Мы с организмом снова расслабились, но мозг стоял на своем. «Как хотите, но я не успокоюсь, пока вы мне не скажете, где вредная собака, и убедите меня, что опасности проснуться от колючих лап теперь нет!» Я, вздохнув, ощупал все, куда мог дотянуться ладонью, и, не обнаружив собаки, принялся шуршать ногою, пока босая пятка не уперлось в клубок мягонького и шерстяного. Вот она, совсем далеко в ногах, откуда достать когтею можно разве что до коленки, а это не так чувствительно, значит, можно спокойно спать.
«Ладно, я согласен, – сообщил мозг, – но ты должен перевернуться на другой бок, перевернуть подушку и зажать коленками одеяло, это обязательные условия!»
Я выполнил все беспрекословно, обнял подушку, за которой была пристроена еще одна, а за ней сопела Маринка, и погрузился в сон.
Когда плюшевые зайцы перестали плясать в моей голове, малиновые звездочки, собаки, слоники, тетрадки, телеграф, имбирное пиво, подснежники, Зимбабве, носок, снова собаки, только другие, а также белый бюстгальтер, сменяя друг друга в сознании, заместили собой логическую мыслительную деятельность и теплое вязкое ощущение сна охватило весь организм от корней волос до кончиков пальцев ног, произошло это.
Глаша. Мой дорогой друг и коллега по стае. Мягонький милый колобочек. Черный ниндзя кровати. Просто взяла и рухнула на меня откуда-то сверху. Сверху!!! Вот прямо как самый-пресамый настоящий чертов ниндзя. Наверное, вам сейчас очень смешно, а я чуть не заорал, когда мне на лицо и плечи приземлилось двадцать пухлых килограммов живого меха, когтей и слюнонасыщенных брылей, укомплектованных хвостиком.
Мгновенно проснувшись и стряхнув с себя Глашу куда-то в сторону, я пару минут осознавал, что случилось. Получается, ранее выпихнутая мной собака уползла не вниз, где спала Манечка, и чей пушистый клубок был так опрометчиво принят мною за Глашу. Она, наоборот, забралась наверх, а точнее на Маринку, спавшую рядом, где Глаша, похоже, свернулась калачиком, умостившись частично на Маринкиной спине, частично на подушках. Ну а потом, когда во сне пружина-собака, как обычно, распрямилась, собака-ниндзя просто скатилась на меня.
Давясь от смеха, я сходил на кухню, налил себе водички, кое-как затрамбовал Глашу в один «пазл» с Маней, чтобы она распрямлялась уже туда, где рисковала выхватить такую же когтястую Манину «обратку», и наконец уснул. К счастью, больше этой ночью ничего необычного не произошло.
Дачный друг Филька
(из историй Кондратьича)
Собачьи истории, говорите? Запросто найдем. Поскольку каждое лето мы с Марьей Палной проживаем на даче, этих собачьих историй у меня – будьте любезны, полным-полно. Как, собственно, полно собак в нашем дачном поселке: хозяйских, дворовых и уличных – беспризорных.
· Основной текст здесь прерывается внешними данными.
(* Assume $k>1$. Then (1) $b=(r+1)\sum_{i=1}^{k-1}(l_i+1)-(p+1)(e-r-1)+h=X+Y+Z$, where $X=(k-1)(r-1)\ge0$, $Y=k-(e-r)\ge0$, and $Z=(r+1)(p+\sum_{i=1}^{k-1}l_i)+k+h-pe-1\ge\sum_{i\in A}(r-r_i)\ge0$; (2) $c=\bigl(p+1+\sum_{i=1}^{k-1}(l_i+1)\bigr)(r+1)-b$.
   Context: Let $(R,\mathfrak m)$ be a one-dimensional local Noetherian domain with quotient field $K$, not regular, analytically irreducible (the integral closure $\overline R$ of $R$ in $K$ is a DVR and a finite $R$-module) and residually rational. Let $v$ be the valuation of $\overline R$ normalized so a uniformizer $t$ has value 1, $v(R)=\{v(a):a\in R\setminus\{0\}\}$, $\mathfrak C=(R:_K\overline R)=t^c\overline R$ with $c$ the least element of $v(R)$ with $c+\mathbb N\subseteq v(R)$, $\delta=\ell_R(\overline R/R)$, $r=\ell_R((R:_K\mathfrak m)/R)$, $b=(c-\delta)r-\delta$, $e$ the least positive element of $v(R)$, $n=c-\delta$. Write $v(R)=\{s_0=0<s_1<\cdots\}$ ($s_n=c$), $R_i=\{a\in R:v(a)\ge s_i\}$, $r_i=\ell_R((R:_KR_i)/(R:_KR_{i-1}))$. Let $i_0\in[1,n]$ be such that $s_{i_0-1}=\min\{y\in v(R):y\ge c-e\}$, $B=\{i_0,\dots,n\}$, $A=\{1,\dots,n\}\setminus B$. Let $x\in\mathfrak m$ with $v(x)=e$ and $k=\ell_R(R/(\mathfrak C+xR))$. When $k>1$: $p$ is the integer with $c-e\le pe<c$, $h=(p+1)e-c$; $y_1<\dots<y_{k-1}$ are the nonzero elements of $v(R)\setminus v(\mathfrak C+xR)$ (equivalently, the $y\in v(R)$ with $0<y<c$ and $y-e\notin v(R)$; they are not multiples of $e$, exceed $e$, and have distinct residues mod $e$); $l_i\ge0$ is the integer with $y_i+l_ie<c\le y_i+(l_i+1)e$. Then $v(R)$ is the disjoint union of $\{0,e,\dots,pe\}$, $\{m\ge c\}$ and the sets $\{y_i,y_i+e,\dots,y_i+l_ie\}$. *)

theory Defs
  imports "HOL-Computational_Algebra.Polynomial"
begin

text \<open>The quotient field K is a type 'k of class field (K = UNIV). The valuation v of the DVR is a map 'k => int;
  its value at 0 is irrelevant and "v(z) >= s" for z = 0 is read as true.\<close>

definition subring :: "'k::field set \<Rightarrow> bool" where
  "subring R \<longleftrightarrow> 0 \<in> R \<and> 1 \<in> R \<and> (\<forall>a\<in>R. \<forall>b\<in>R. a + b \<in> R \<and> a * b \<in> R \<and> - a \<in> R)"

definition is_ideal :: "'k::field set \<Rightarrow> 'k set \<Rightarrow> bool" where
  "is_ideal R I \<longleftrightarrow> I \<subseteq> R \<and> 0 \<in> I \<and> (\<forall>a\<in>I. \<forall>b\<in>I. a + b \<in> I) \<and> (\<forall>r\<in>R. \<forall>a\<in>I. r * a \<in> I)"
lemma supp_below_zero_or_above_max:
  assumes "G \<in> \<gamma>" "x \<in> S" "r \<in> maxs G" "tle T x w" "tle T r w"
  shows "tle T x (zero G) \<or> tle T r x"
proof (rule ccontr)
  assume neither: "\<not> (tle T x (zero G) \<or> tle T r x)"
  then have x_r: "tless T x r" using tree_le_linear_below[OF tree assms(4,5)] unfolding tle_def by blast
  then have "tless T (zero G) x"
    using tree_less_linear_below[OF tree _ zero_less_max[OF assms(1,3), THEN conjunct2]] neither
    unfolding tle_def by blast
  moreover have "x \<notin> upcl T (maxs G)"
  proof
    assume "x \<in> upcl T (maxs G)"
    then obtain m where m: "m \<in> maxs G" "tle T m x" unfolding upcl_def by blast
    then have "tle T m r" using x_r tree_le_less_trans[OF tree] unfolding tle_def by blast
    then have "m = r" using maxs_antichain assms(1,3) m(1) by blast
    then show False using m x_r tree_le_less_trans[OF tree] tree_less_irrefl[OF tree] by metis
  qed
  ultimately have "x \<in> expl T G" unfolding expl_def by blast
  then show False using assms(1,2) unfolding supp_def by blast
qed

lemma distinct_grafts_separated:
  assumes "D \<in> \<gamma>" "E \<in> \<gamma>" "D \<noteq> E" "r \<in> maxs D" "r' \<in> maxs E" "tle T r w" "tle T r' w"
  shows "tle T r' (zero D) \<or> tle T r (zero E)"
proof -
  have D_w: "tless T (zero D) w" and E_w: "tless T (zero E) w"
    using zero_less_max assms tree_less_le_trans[OF tree] by blast+
  have "incomp T (zero D) (zero E) \<or> zero D \<in> upcl T (maxs E) \<or> zero E \<in> upcl T (maxs D)"
    using consistent assms unfolding consistent_grafts_def by blast
  then show ?thesis
  proof (elim disjE)
    assume "incomp T (zero D) (zero E)"
    then show ?thesis using tree_less_linear_below[OF tree D_w E_w] unfolding incomp_def tle_def by blast
  next
    assume "zero D \<in> upcl T (maxs E)"
    then obtain m where m: "m \<in> maxs E" "tle T m (zero D)" unfolding upcl_def by blast
    then have "m = r'" using root_eqI[OF assms(2)] assms(5,7) D_w tree_le_less_trans[OF tree]
      unfolding tle_def by metis
    then show ?thesis using m by blast
  next
    assume "zero E \<in> upcl T (maxs D)"
    then obtain m where m: "m \<in> maxs D" "tle T m (zero E)" unfolding upcl_def by blast
    then have "m = r" using root_eqI[OF assms(1)] assms(4,6) E_w tree_le_less_trans[OF tree]
      unfolding tle_def by metis
    then show ?thesis using m by blast
  qed
qed

definition hyb_SS :: "'a \<Rightarrow> 'a \<Rightarrow> bool" where
  "hyb_SS x y \<longleftrightarrow> x \<in> S \<and> y \<in> S \<and> tless T x y"
definition hyb_II :: "'a tree \<Rightarrow> 'a \<Rightarrow> 'a \<Rightarrow> bool" where
  "hyb_II G x y \<longleftrightarrow> G \<in> \<gamma> \<and> x \<in> impl G \<and> y \<in> impl G \<and> tless G x y"
definition hyb_SI :: "'a tree \<Rightarrow> 'a \<Rightarrow> 'a \<Rightarrow> bool" where
  "hyb_SI G x y \<longleftrightarrow> G \<in> \<gamma> \<and> x \<in> S \<and> y \<in> impl G \<and> tle T x (zero G)"
definition hyb_IS :: "'a tree \<Rightarrow> 'a \<Rightarrow> 'a \<Rightarrow> bool" where
  "hyb_IS G x y \<longleftrightarrow> G \<in> \<gamma> \<and> x \<in> impl G \<and> y \<in> S \<and> y \<in> upcl T (maxs G) \<and>
  tless G x (root T y (maxs G))"
definition hyb_IJ :: "'a tree \<Rightarrow> 'a tree \<Rightarrow> 'a \<Rightarrow> 'a \<Rightarrow> bool" where
  "hyb_IJ D E x y \<longleftrightarrow> D \<in> \<gamma> \<and> E \<in> \<gamma> \<and> D \<noteq> E \<and> x \<in> impl D \<and> y \<in> impl E \<and>
    zero E \<in> upcl T (maxs D) \<and> tless D x (root T (zero E) (maxs D))"

lemmas hyb_defs = hyb_SS_def hyb_II_def hyb_SI_def hyb_IS_def hyb_IJ_def

lemma hless_iff:
  "hless x y \<longleftrightarrow>
     hyb_SS x y \<or> (\<exists>G. hyb_II G x y) \<or> (\<exists>G. hyb_SI G x y) \<or> (\<exists>G. hyb_IS G x y) \<or>
     (\<exists>D E. hyb_IJ D E x y)"
  unfolding hyb_defs hybr_def by (subst tless_def, subst snd_conv) blast

lemma hybr_nodes: "nodes (hybr T \<gamma>) = S \<union> (\<Union>G\<in>\<gamma>. impl G)"
  by (simp add: hybr_def nodes_def)

lemma hyb_target:
  "hyb_SS x y \<Longrightarrow> y \<in> S" "hyb_IS G x y \<Longrightarrow> y \<in> S"
  "hyb_II G x y \<Longrightarrow> y \<in> impl G \<and> G \<in> \<gamma>" "hyb_SI G x y \<Longrightarrow> y \<in> impl G \<and> G \<in> \<gamma>"
  "hyb_IJ D E x y \<Longrightarrow> y \<in> impl E \<and> E \<in> \<gamma>"
  unfolding hyb_defs by auto

lemma hyb_source:
  "hyb_SS x y \<Longrightarrow> x \<in> S" "hyb_SI G x y \<Longrightarrow> x \<in> S"
  "hyb_II G x y \<Longrightarrow> x \<in> impl G \<and> G \<in> \<gamma>" "hyb_IS G x y \<Longrightarrow> x \<in> impl G \<and> G \<in> \<gamma>"
  "hyb_IJ D E x y \<Longrightarrow> x \<in> impl D \<and> D \<in> \<gamma>"
  unfolding hyb_defs by auto

lemma hless_nodes: "hless x y \<Longrightarrow> x \<in> nodes (hybr T \<gamma>) \<and> y \<in> nodes (hybr T \<gamma>)"
  unfolding hless_iff hybr_nodes hyb_defs by blast

lemma hless_irrefl: "\<not> hless x x"
  unfolding hless_iff hyb_defs
  using tree_less_irrefl[OF tree] tree_less_irrefl[OF graft_tree] supp_notin_impl impl_disjoint by blast

lemma hless_to_supp: "hless u z \<Longrightarrow> z \<in> S \<Longrightarrow> hyb_SS u z \<or> (\<exists>G. hyb_IS G u z)"
  unfolding hless_iff using hyb_target supp_notin_impl by blast

lemma hless_to_impl:
  assumes "hless u z" "z \<in> impl E" "E \<in> \<gamma>"
  shows "hyb_II E u z \<or> hyb_SI E u z \<or> (\<exists>D. hyb_IJ D E u z)"
  using assms(1) unfolding hless_iff
proof (elim disjE exE)
  fix G assume "hyb_II G u z"
  then show ?thesis using assms(2,3) hyb_target(3) impl_disjoint by metis
next
  fix G assume "hyb_SI G u z"
  then show ?thesis using assms(2,3) hyb_target(4) impl_disjoint by metis
next
  fix D E' assume "hyb_IJ D E' u z"
  then show ?thesis using assms(2,3) hyb_target(5) impl_disjoint by metis
qed (use assms(2,3) hyb_target supp_notin_impl in blast)+

lemma hless_from_supp: "hless y z \<Longrightarrow> y \<in> S \<Longrightarrow> hyb_SS y z \<or> (\<exists>G. hyb_SI G y z)"
  unfolding hless_iff using hyb_source supp_notin_impl by blast

lemma hless_from_impl:
  assumes "hless y z" "y \<in> impl E" "E \<in> \<gamma>"
  shows "hyb_II E y z \<or> hyb_IS E y z \<or> (\<exists>F. hyb_IJ E F y z)"
  using assms(1) unfolding hless_iff
proof (elim disjE exE)
  fix G assume "hyb_II G y z"
  then show ?thesis using assms(2,3) hyb_source(3) impl_disjoint by metis
next
  fix G assume "hyb_IS G y z"
  then show ?thesis using assms(2,3) hyb_source(4) impl_disjoint by metis
next
  fix D F assume "hyb_IJ D F y z"
  then show ?thesis using assms(2,3) hyb_source(5) impl_disjoint by metis
qed (use assms(2,3) hyb_source supp_notin_impl in blast)+

lemma trans_SS_SS: "hyb_SS x y \<Longrightarrow> hyb_SS y z \<Longrightarrow> hless x z"
  unfolding hless_iff hyb_SS_def using tree_less_trans[OF tree] by blast

lemma trans_SS_SI: "hyb_SS x y \<Longrightarrow> hyb_SI G y z \<Longrightarrow> hless x z"
  unfolding hless_iff hyb_SS_def hyb_SI_def using tree_le_less_trans[OF tree] unfolding tle_def by metis
definition HV_hom ::
  "(complex \<Rightarrow> 'v::ab_group_add \<Rightarrow> 'v) \<Rightarrow> ('v \<Rightarrow> 'v) \<Rightarrow> (complex \<Rightarrow> 'v \<Rightarrow> 'v) \<Rightarrow> (complex \<Rightarrow> 'v \<Rightarrow> 'v) \<Rightarrow>
   (complex \<Rightarrow> 'w::ab_group_add \<Rightarrow> 'w) \<Rightarrow> ('w \<Rightarrow> 'w) \<Rightarrow> (complex \<Rightarrow> 'w \<Rightarrow> 'w) \<Rightarrow> (complex \<Rightarrow> 'w \<Rightarrow> 'w) \<Rightarrow>
   ('v \<Rightarrow> 'w) \<Rightarrow> bool"
  where
  "HV_hom sc D L N sc' D' L' N' g \<longleftrightarrow>
     (\<forall>u w. g (u + w) = g u + g w) \<and> (\<forall>c u. g (sc c u) = sc' c (g u)) \<and>
     (\<forall>u. g (D u) = D' (g u)) \<and>
     (\<forall>l u. g (L l u) = L' l (g u) \<and> g (N l u) = N' l (g u))"

text \<open>An element (p, c) stands
for p(D) v_Delta + c c_gamma.  Bivariate polynomials f(D, l) are of type
complex poly poly: the outer variable is lambda, the coefficients are polynomials in D;
so poly f [:l:] is the polynomial f(D, l) in D.  pcompose p [:l,1:] is p(D + l).\<close>

type_synonym HVE = "complex poly \<times> complex"

definition E_sc :: "complex \<Rightarrow> HVE \<Rightarrow> HVE" where
  "E_sc c w = (smult c (fst w), c * snd w)"
(* Let $\mathcal F$ be a filtration array, $E=(E_{m,n})_{m,n\in\mathbb N}$ a nonnegative process adapted to $\mathcal F$, and $S=(S_n)_{n\in\mathbb N}$ a process adapted to $\mathcal F_{\infty,\bullet}$. If $E$ has the asymptotic supermartingale property (in $L_1$, for $\mathcal F$, uniformly in $\mathcal P$) and $E$ converges to $S$ in $L_1$ uniformly in $\mathcal P$, then $S$ is a supermartingale for $\mathcal P$ with respect to $\mathcal F_{\infty,\bullet}$.
   Context: $(\Omega,\mathcal A)$ is a measurable space, $\mathcal P$ a set of probability measures on it, $\mathbb N=\{0,1,\dots\}$. A filtration array is a family $(\mathcal F_{m,n})_{m,n\in\mathbb N}$ of sub-$\sigma$-algebras with $\mathcal F_{m,n}\subset\mathcal F_{m+1,n}\cap\mathcal F_{m,n+1}$; $\mathcal F_{\infty,n}:=\sigma(\bigcup_m\mathcal F_{m,n})$. Adapted means $E_{m,n}$ is $\mathcal F_{m,n}$-measurable. For $P\in\mathcal P$, $\delta_{m,n}=\mathbb E_P[E_{m,n+1}\mid\mathcal F_{m,n}]-E_{m,n}$ if $E_{m,n+1}$ is $P$-integrable and $\delta_{m,n}=\infty$ otherwise; $x^+=\max\{x,0\}$. The asymptotic supermartingale property: $\lim_m\sup_{P\in\mathcal P}\mathbb E_P[\delta_{m,n}^+]=0$ for every $n$. $E$ converges to $S$ in $L_1$ uniformly in $\mathcal P$ if all $E_{m,n},S_n$ are $P$-integrable for all $P\in\mathcal P$ and $\lim_m\sup_{P\in\mathcal P}\mathbb E_P[|E_{m,n}-S_n|]=0$ for every $n$. A supermartingale for $\mathcal P$ w.r.t. a filtration $\mathcal G$ is a $\mathcal G$-adapted process with each $S_n$ $P$-integrable and $\mathbb E_P[S_{n+1}\mid\mathcal G_n]\le S_n$ $P$-a.s. for all $P\in\mathcal P$, $n$. *)

theory Defs
  imports "HOL-Probability.Probability"
begin
lemma pow2_dvd_imp_even: "2^t dvd (m::nat) \<Longrightarrow> t \<noteq> 0 \<Longrightarrow> even m"
  by (metis dvd_power dvd_trans not_gr0)

lemma dyadic_close_double_double: "dyadic_close (2 * x) (2 * y) \<longleftrightarrow> dyadic_close x y"
proof
  assume "dyadic_close (2 * x) (2 * y)"
  then obtain t where t: "2^t dvd 2 * x \<or> 2^t dvd 2 * y" "2 * x \<le> 2 * y + 2^t" "2 * y \<le> 2 * x + 2^t"
    unfolding dyadic_close_def by blast
  show "dyadic_close x y"
  proof (cases t)
    case 0
    then show ?thesis using t unfolding dyadic_close_def by (intro exI[of _ 0]) simp
  next
    case (Suc s)
    then show ?thesis using t unfolding dyadic_close_def by (intro exI[of _ s]) auto
  qed
next
  assume "dyadic_close x y"
  then obtain t where "2^t dvd x \<or> 2^t dvd y" "x \<le> y + 2^t" "y \<le> x + 2^t"
    unfolding dyadic_close_def by blast
  then show "dyadic_close (2 * x) (2 * y)"
    unfolding dyadic_close_def by (intro exI[of _ "Suc t"]) auto
qed

lemma dyadic_close_odd_odd: "dyadic_close (2 * x + 1) (2 * y + 1) \<longleftrightarrow> x = y"
proof
  assume "dyadic_close (2 * x + 1) (2 * y + 1)"
  then obtain t where t: "2^t dvd 2 * x + 1 \<or> 2^t dvd 2 * y + 1"
    "2 * x + 1 \<le> 2 * y + 1 + 2^t" "2 * y + 1 \<le> 2 * x + 1 + 2^t"
    unfolding dyadic_close_def by blast
  have "t = 0"
  proof (rule ccontr)
    assume "t \<noteq> 0"
    with t(1) have "even (2 * x + 1) \<or> even (2 * y + 1)" using pow2_dvd_imp_even by blast
    then show False by simp
  qed
  then show "x = y" using t by simp
qed (unfold dyadic_close_def, intro exI[of _ 0], simp)
lemma sign_of_add_cases:
  "sign_of (x + y) \<noteq> Zero \<Longrightarrow> sign_of (x + y) = sign_of x \<or> sign_of (x + y) = sign_of y"
  by (auto simp: sign_of_def)

lemma sign_of_divide_pos: "c > 0 \<Longrightarrow> sign_of (r / c) = sign_of r"
  by (simp add: sign_of_def zero_less_divide_iff divide_less_0_iff)

definition alternating_lengths :: "sgn list \<Rightarrow> nat set" where
  "alternating_lengths X =
     {length ys | ys. subseq ys X \<and> Zero \<notin> set ys \<and> successively (\<noteq>) ys}"

lemma alt_eq_Max_alternating_lengths: "alt X = Max (alternating_lengths X)"
  by (simp add: alt_def alternating_lengths_def)

lemma alternating_lengths_subset: "alternating_lengths X \<subseteq> {..length X}"
  by (auto simp: alternating_lengths_def dest: list_emb_length)

lemma finite_alternating_lengths: "finite (alternating_lengths X)"
  using alternating_lengths_subset finite_subset by blast

lemma zero_in_alternating_lengths: "0 \<in> alternating_lengths X"
  unfolding alternating_lengths_def by force

lemma alt_le_length: "alt X \<le> length X"
  unfolding alt_eq_Max_alternating_lengths
  using finite_alternating_lengths[of X] zero_in_alternating_lengths[of X]
    alternating_lengths_subset[of X]
  by (intro Max.boundedI) auto

lemma alt_mono:
  assumes "\<And>ys. subseq ys X \<Longrightarrow> Zero \<notin> set ys \<Longrightarrow> successively (\<noteq>) ys \<Longrightarrow> subseq ys Y"
  shows "alt X \<le> alt Y"
  unfolding alt_eq_Max_alternating_lengths
proof (rule Max_mono)
  show "alternating_lengths X \<subseteq> alternating_lengths Y"
    using assms unfolding alternating_lengths_def by blast
qed (use zero_in_alternating_lengths finite_alternating_lengths in auto)
(* Let $K$ be the finite field of characteristic $p$ and order $q$, and let $d$ be an integer with $\gcd(d,q-1)=1$. Suppose that $\{W_{K,d}(a): a\in K^\times\}=\{0,A,-A\}$ is a set of exactly three values. Then $d\equiv 1\pmod{p-1}$ and $|A|=p^k$ for some positive integer $k$. Moreover, if $R$ denotes the set of roots in $K$ of the polynomial $(x+1)^d-x^d-1$, then $\sqrt{q}<\sqrt{|R|\,q}=|A|<q$.
   Context: $\psi_K(x)=\exp(2\pi i\,\mathrm{Tr}_{K/\mathbb{F}_p}(x)/p)$ is the canonical additive character of $K$, and for $a\in K$ the Weil sum is $W_{K,d}(a)=\sum_{x\in K}\psi_K(x^d+ax)$. *)

theory Defs
  imports "HOL-Analysis.Analysis" "HOL-Number_Theory.Cong"
begin

text \<open>K is modelled as a finite field type 'a; p = CHAR('a), q = CARD('a) = p^n.\<close>

definition field_ext_degree :: "'a::{finite,field} itself \<Rightarrow> nat" where
  "field_ext_degree T = (THE n. CHAR('a) ^ n = CARD('a))"

definition abs_trace :: "'a::{finite,field} \<Rightarrow> 'a" where
  "abs_trace x = (\<Sum>i < field_ext_degree TYPE('a). x ^ (CHAR('a) ^ i))"

definition trace_nat :: "'a::{finite,field} \<Rightarrow> nat" where
  "trace_nat x = (THE m. m < CHAR('a) \<and> of_nat m = abs_trace x)"

definition add_char :: "'a::{finite,field} \<Rightarrow> complex" where
  "add_char x = exp (2 * pi * \<i> * of_nat (trace_nat x) / of_nat CHAR('a))"

definition weil_sum :: "nat \<Rightarrow> 'a::{finite,field} \<Rightarrow> complex" where
  "weil_sum d a = (\<Sum>x\<in>(UNIV::'a set). add_char (x ^ d + a * x))"

end

theory Submission
  imports Defs "HOL-Computational_Algebra.Polynomial_Factorial"
    "HOL-Number_Theory.Residue_Primitive_Roots"
begin

text \<open>
  Write \<open>W(a) = W\<^sub>K\<^sub>,\<^sub>d(a)\<close>, \<open>q = p\<^sup>n\<close>, and let \<open>N\<^sub>+\<close>, \<open>N\<^sub>-\<close> be the numbers of \<open>a \<noteq> 0\<close>
  with \<open>W(a) = A\<close> resp. \<open>-A\<close>. Orthogonality of the additive character gives the power moments
  \<open>\<Sum>\<^sub>a W(a) = q\<close>, \<open>\<Sum>\<^sub>a |W(a)|\<^sup>2 = q\<^sup>2\<close> and \<open>\<Sum>\<^sub>a W(a)\<^sup>3 = q\<^sup>2 |R|\<close>; the last one because
  \<open>(x + y)\<^sup>d - x\<^sup>d - y\<^sup>d\<close> vanishes exactly on the lines \<open>y = t x\<close> with \<open>t \<in> R\<close> and on \<open>x = 0\<close>.
  Hence \<open>(N\<^sub>+ - N\<^sub>-) A = q\<close>, \<open>(N\<^sub>+ + N\<^sub>-) |A|\<^sup>2 = q\<^sup>2\<close>, \<open>(N\<^sub>+ - N\<^sub>-) A\<^sup>3 = q\<^sup>2 |R|\<close>, so \<open>A\<close> is
  rational with \<open>A\<^sup>2 = q |R|\<close> and \<open>(N\<^sub>+ - N\<^sub>-)\<^sup>2 |R| = q\<close>; this forces \<open>|A| = p\<^sup>k\<close> and
  \<open>\<surd>q < |A| < q\<close>.

  Being rational, every \<open>W(a)\<close> is fixed by the Galois automorphisms \<open>\<zeta>\<^sub>p \<mapsto> \<zeta>\<^sub>p\<^sup>j\<close>, which map
  \<open>W(a)\<close> to \<open>\<Sum>\<^sub>x \<psi>(j (x\<^sup>d + a x))\<close>. The twisted second moment
  \<open>\<Sum>\<^sub>a W(a) \<Sum>\<^sub>x \<psi>(c (x\<^sup>d + a x))\<^sup>* = q\<^sup>2 [c\<^sup>d = c]\<close> then yields \<open>j\<^sup>d \<equiv> j (mod p)\<close> for all \<open>j\<close>
  prime to \<open>p\<close>, i.e. \<open>d \<equiv> 1 (mod p - 1)\<close>.
\<close>

section \<open>Finite fields\<close>

lemma prime_CHAR_finite_field: "prime CHAR('a::{finite,field})"
  by (rule prime_CHAR_semidom) (simp add: finite_imp_CHAR_pos)

lemma CHAR_finite_field_pos: "CHAR('a::{finite,field}) > 0"
  using prime_CHAR_finite_field prime_gt_0_nat by blast

lemma CHAR_finite_field_gt_1: "CHAR('a::{finite,field}) > 1"
  using prime_CHAR_finite_field prime_gt_1_nat by blast

lemma CARD_finite_field_ge_2: "CARD('a::{finite,field}) \<ge> 2"
  using card_mono[of "UNIV :: 'a set" "{0, 1}"] by simp

lemma power_CARD_minus_1_eq_1:
  assumes "(x :: 'a::{finite,field}) \<noteq> 0"
  shows "x ^ (CARD('a) - 1) = 1"
proof -
  let ?U = "UNIV - {0 :: 'a}"
  have "(\<Prod>y\<in>?U. x * y) = (\<Prod>y\<in>?U. y)"
    by (rule prod.reindex_bij_witness[of _ "\<lambda>y. y / x" "\<lambda>y. x * y"]) (use assms in auto)
  moreover have "(\<Prod>y\<in>?U. x * y) = x ^ (CARD('a) - 1) * (\<Prod>y\<in>?U. y)"
    by (simp add: prod.distrib card_Diff_subset)
  moreover have "(\<Prod>y\<in>?U. y) \<noteq> 0" by simp
  ultimately show ?thesis by simp
qed

lemma power_CARD_eq_self: "(x :: 'a::{finite,field}) ^ CARD('a) = x"
proof (cases "x = 0")
  case False
  have "CARD('a) = Suc (CARD('a) - 1)" using CARD_finite_field_ge_2[where 'a='a] by simp
  then show ?thesis using power_CARD_minus_1_eq_1[OF False] by (metis mult.right_neutral power_Suc)
qed simp

lemma inj_power_coprime:
  assumes "d > 0" and "coprime d (CARD('a::{finite,field}) - 1)"
  shows "inj (\<lambda>x::'a. x ^ d)"
proof (rule injI)
  obtain u v where uv: "d * u = (CARD('a) - 1) * v + 1"
    using bezout_nat[of d "CARD('a) - 1"] assms by auto
  fix x y :: 'a assume eq: "x ^ d = y ^ d"
  show "x = y"
  proof (cases "y = 0")
    case False
    define z where "z = x / y"
    have "z \<noteq> 0" using eq False assms(1) by (auto simp: z_def power_0_left)
    have "z ^ d = 1" using eq False by (simp add: z_def power_divide)
    hence "1 = z ^ (d * u)" by (simp add: power_mult)
    also have "\<dots> = (z ^ (CARD('a) - 1)) ^ v * z"
      by (simp only: uv power_add power_mult power_one_right)
    also have "\<dots> = z" by (simp only: power_CARD_minus_1_eq_1[OF \<open>z \<noteq> 0\<close>] power_one mult_1_left)
    finally show ?thesis using False by (simp add: z_def)
  qed (use eq assms(1) in \<open>simp add: power_0_left\<close>)
qed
Вы знаете, своей собаки у нас с Марьей Палной не имеется, потому что издавна держим мы дома толстых и бесполезных, но всей душой обожаемых котов. Между тем, собаки мне нравятся всю мою жизнь, и как могу всегда их привечаю, подкармливаю да почесываю.
И они, собаки-то, почти все отвечают мне взаимностью, а кто не отвечает, так что с них взять, может, у них судьба суровая сложилась или характер паршивый, я ж не знаю. Так что необщительных или злобных я стороной обхожу, а всем остальным – айдате в гости.
Так не удивительно, что из местных дружелюбные собачонки захаживали к нам во двор. Наших ленивых котов это не беспокоило, а нам с Марьей Палной – все компания.
Вот и однажды к нам во двор забрел Филька. Откуда он приблудился на наши дачи, чей был раньше, потеряли его или бросили, все это осталось неведомым. Но судя по довольно чистому и здоровому виду, был он явно чей-то, просто шлялся по поселку сам себе свободно.
Большая, круглая и лохматая голова Фильки с висящими ушами одним прекрасным утром появилась в щели нашего штакетника, одна доска которого, как в старых фильмах, болталась на гвозде свободно, и коты использовали щель для своих кошачьих походов, когда им еще было не лень, а это было так давно, что я совсем позабыл про разболтанный штакетник и не чинил его.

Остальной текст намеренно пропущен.